Announcing The Global Numeric Graph

Kalev Leetaru

5 years ago

We are tremendously excited to announce today the debut of the GDELT Global Numeric Graph (GNG), which compiles appearances of numeric statements across worldwide online news coverage in 152 languages. Each article monitored by GDELT is scanned for all appearances of numbers, either in the numeric characters of the given language for all 152 languages or, for around 100 languages and growing, spelled numbers (ie "one million" or "fifty" in English). Each appearance is compiled along with a brief context of how the number was used and the articles that specific number-in-context was seen in.

This inaugural release compiles nearly 3.8 billion numeric references across 152 languages dating back to January 1, 2020.

Why compile numbers? Numeric statements reflect one of the most basic forms of factual world knowledge that can be used to reason about global events and, by virtue of expressing a precise count, can be verified and used to identify contested or conflicted narratives, such as conflicting casualty counts from a natural disaster, or to enrich event records, such as recording the estimated size of a protest. The Covid-19 pandemic has brought to the forefront the need for precise numeric codification, such as recording public reporting of infections, causalities and vaccinations, as well as comparing public reports with primary sources to identify misreporting or conflicting information. Such insights are especially powerful with respect to combatting misinformation. Internally, GDELT has long used the density of precise numeric statements in an article as one signal of its "verifiability." An article that states "the stimulus bill is too expensive" represents an unevaluatable statement of opinion whereas "the stimulus bill is $1.9 trillion" can be definitively fact checked. Coverage with a higher density of precise numeric statements may still be incorrect, but represents a distinct kind of coverage from articles that have high levels of emotion and low levels of numeric clauses.

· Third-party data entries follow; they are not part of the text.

(* Let $\phi$ be a pure state not in the output free set $\mathcal F'$, in a convex resource theory, and let $\rho$ be any input state. For any $\varepsilon$ satisfying $\varepsilon\ge\left(\frac{\Omega_{\mathcal F}(\rho)}{R^{\mathcal F'}_{\mathcal F'}(\phi)-1}+1\right)^{-1}$, there exists a resource--non-generating probabilistic transformation $\rho\to\tau_\varepsilon$ where $\tau_\varepsilon$ is a state with $F(\tau_\varepsilon,\phi)\ge1-\varepsilon$. If the resource theory is affine, the same conclusion holds for any $\varepsilon$ satisfying $\varepsilon\ge\left(\frac{\Omega_{\mathcal F}(\rho)}{R_{\mathcal F'}(\phi)-1}+1\right)^{-1}$.
   Context: Finite dimensions; $A\le B$ means $B-A\ge0$. Each space carries a closed convex set $\mathcal F$ of free density operators; "affine" means additionally $\mathcal F=\mathrm{aff}(\mathcal F)\cap\mathcal D$ on each space. $\mathrm{cone}(\mathcal F)=\{\lambda\sigma:\lambda\ge0,\sigma\in\mathcal F\}$, $A\le_{\mathcal F}B$ iff $B-A\in\mathrm{cone}(\mathcal F)$. $R_{\max}(X\|Y)=\inf\{\lambda:X\le\lambda Y\}$, $R^{\mathcal F}_{\max}(X\|Y)=\inf\{\lambda:X\le_{\mathcal F}\lambda Y\}$; conventions $\inf\emptyset=\infty$, $c/\infty=0$, $0^{-1}=\infty$, $\infty^{-1}=0$. $R_{\mathcal F}(\rho)=\min_{\sigma\in\mathcal F}R_{\max}(\rho\|\sigma)$, $R^{\mathcal F}_{\mathcal F}(\rho)=\min_{\sigma\in\mathcal F}R^{\mathcal F}_{\max}(\rho\|\sigma)$, $\Omega_{\mathcal F}(\rho)=\inf_{\sigma\in\mathcal F}R_{\max}(\rho\|\sigma)R_{\max}(\sigma\|\rho)$. Fidelity $F(\rho,\sigma)=\|\sqrt\rho\sqrt\sigma\|_1^2$. $\mathbb O$: completely positive trace-non-increasing maps $\mathcal E$ such that for every $\sigma\in\mathcal F$ there exist $\sigma'\in\mathcal F'$ and $p\in[0,1]$ with $\mathcal E(\sigma)=p\sigma'$. A probabilistic transformation $\rho\to\tau$ exists iff $\tau$ lies in the closure of $\{\mathcal E(\rho)/\mathrm{Tr}\,\mathcal E(\rho):\mathcal E\in\mathbb O,\ \mathrm{Tr}\,\mathcal E(\rho)>0\}$. *)

theory Defs
  imports "HOL-Analysis.Analysis" "HOL-Library.Extended_Real"
begin

definition adj :: "complex^'n^'m \<Rightarrow> complex^'m^'n" where
  "adj A = (\<chi> i j. cnj (A $ j $ i))"

definition qform :: "complex^'n^'n \<Rightarrow> complex^'n \<Rightarrow> complex" where
  "qform A x = (\<Sum>i\<in>UNIV. \<Sum>j\<in>UNIV. cnj (x $ i) * A $ i $ j * x $ j)"

definition psd :: "complex^'n^'n \<Rightarrow> bool" where
  "psd A \<longleftrightarrow> (\<forall>x. Im (qform A x) = 0 \<and> Re (qform A x) \<ge> 0)"

definition loewner_le :: "complex^'n^'n \<Rightarrow> complex^'n^'n \<Rightarrow> bool" where
  "loewner_le A B \<longleftrightarrow> psd (B - A)"

definition density :: "complex^'n^'n \<Rightarrow> bool" where
  "density \<rho> \<longleftrightarrow> psd \<rho> \<and> trace \<rho> = 1"

definition outer :: "complex^'n \<Rightarrow> complex^'n^'n" where
  "outer v = (\<chi> i j. v $ i * cnj (v $ j))"

definition pure_state :: "complex^'n^'n \<Rightarrow> bool" where
  "pure_state \<phi> \<longleftrightarrow> density \<phi> \<and> (\<exists>v. \<phi> = outer v)"

definition msqrt :: "complex^'n^'n \<Rightarrow> complex^'n^'n" where
  "msqrt A = (THE B. psd B \<and> B ** B = A)"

GDELT has long cataloged a variety of numeric information about the coverage it monitors. The Global Knowledge Graph includes the "Counts" and "V2.1Counts" fields that record numeric statements associated with specific events such as protests or deaths. The GKG's "V2.1Amounts" field records any numeric appearance, but like the Counts and V2.1Counts fields, relies on a language model tuned for English. Similarly, the Global Entity Graph G1 baseline identifies all numeric clauses in English coverage, while the Part of Speech dataset identifies numbers in the 11 languages supported by Google Cloud's Natural Language API. In contrast, the new Global Numeric Graph covers all 152 languages GDELT monitors, providing one of the richest glimpses at how numbers are expressed in realtime across the world's news.

This is a highly experimental dataset and relies heavily on information like the Unicode tables and various language resources to identify numeric characters and spelled words in each language. We welcome contributions and corrections for different languages. Note that to avoid biasing our results using a language model (since all models have built-in bias that would then be represented in the number contexts we identify), we use a context-free model to extract numbers. This means you will see the full range in which numbers are used across a language. For example, in English you might see examples like "one could do so if one so chose" ("one" refers to a person not specifically a count of 1) or "second, i really believe" ("second" indicating an extended list of arguments of which this is the second), and so on. The Global Numeric Graph's ability to capture this rich diversity of numeric expression across the world's languages yields a treasure trove of how we reason about the world through counts.

The table below shows a few examples from the dataset, showing its incredible richness and topical reach:

date	context	lang	urls.url	urls.title
2021-05-07 23:47:00 UTC	المغرب وكانت محافظة سوهاج قد وفرت ١٢٥ مليون جنيه لتوصيل الكهرباء للمصانع،	ARABIC	https://akhbarelyom.com/news/newdetails/3356048/1/%D8%A7%D8%B3%D8%AA%D8%AC%D8%A7%D8%A8%D8%A9-%D9%84%D9%80-%D8%A8%D9%88%D8%A7%D8%A8%D8%A9-%D8%A3%D8%AE%D8%A8%D8%A7%D8%B1-%D8%A7%D9%84%D9%8A%D9%88%D9%85–%D9%88%D8%B2%D8%A7%D8%B1%D8%A9-%D8%A7%D9%84%D9%83%D9%87	استجابة لـ«بوابة أخبار اليوم».. وزارة الكهرباء تحل مشكلة محول بسوهاج
2021-05-07 10:32:00 UTC	sõnul kõlas eile õhtu jooksul kokku kaheksa lasku, millest esimesed tehti kella kümne	ESTONIAN	https://www.delfi.ee/artikkel/93360375/parnus-avas-64-aastane-mees-vastasmaja-pihta-tule-pealtnagija-politsei-keelas-inimestel-kodudest-valjuda	Pärnus avas 64-aastane mees vastasmaja pihta tule. Pealtnägija: politsei keelas inimestel kodudest väljuda
2021-05-07 07:18:00 UTC	की संख्या कम होने के बाद भी रिपोर्ट तीन से चार दिन बाद मिल रही है। इससे कोरोना	HINDI	https://www.jagran.com/uttar-pradesh/agra-city-agra-coronavirus-news-update-number-of-corona-infected-in-agra-is-22853-and-289-death-toll-from-corona-21622281.html	AGRA CoronaVirus News Update Number of Corona infected in Agra is 23051 and 292 death toll from corona
2021-05-07 10:19:00 UTC	作用可使圈舍温度下降2—4℃。 2.在圈	Chinese	http://shuju.aweb.com.cn/technology/2011/0805/3114085234500.shtml	盛夏鹅舍巧降温-实用技术-农博数据中心
2021-05-07 08:19:00 UTC	市场的趋势就是两种：一是低保费换取用户规模，	Chinese	https://www.huxiu.com/article/426299.html	花100万彻底清除癌细胞，你愿意买单吗？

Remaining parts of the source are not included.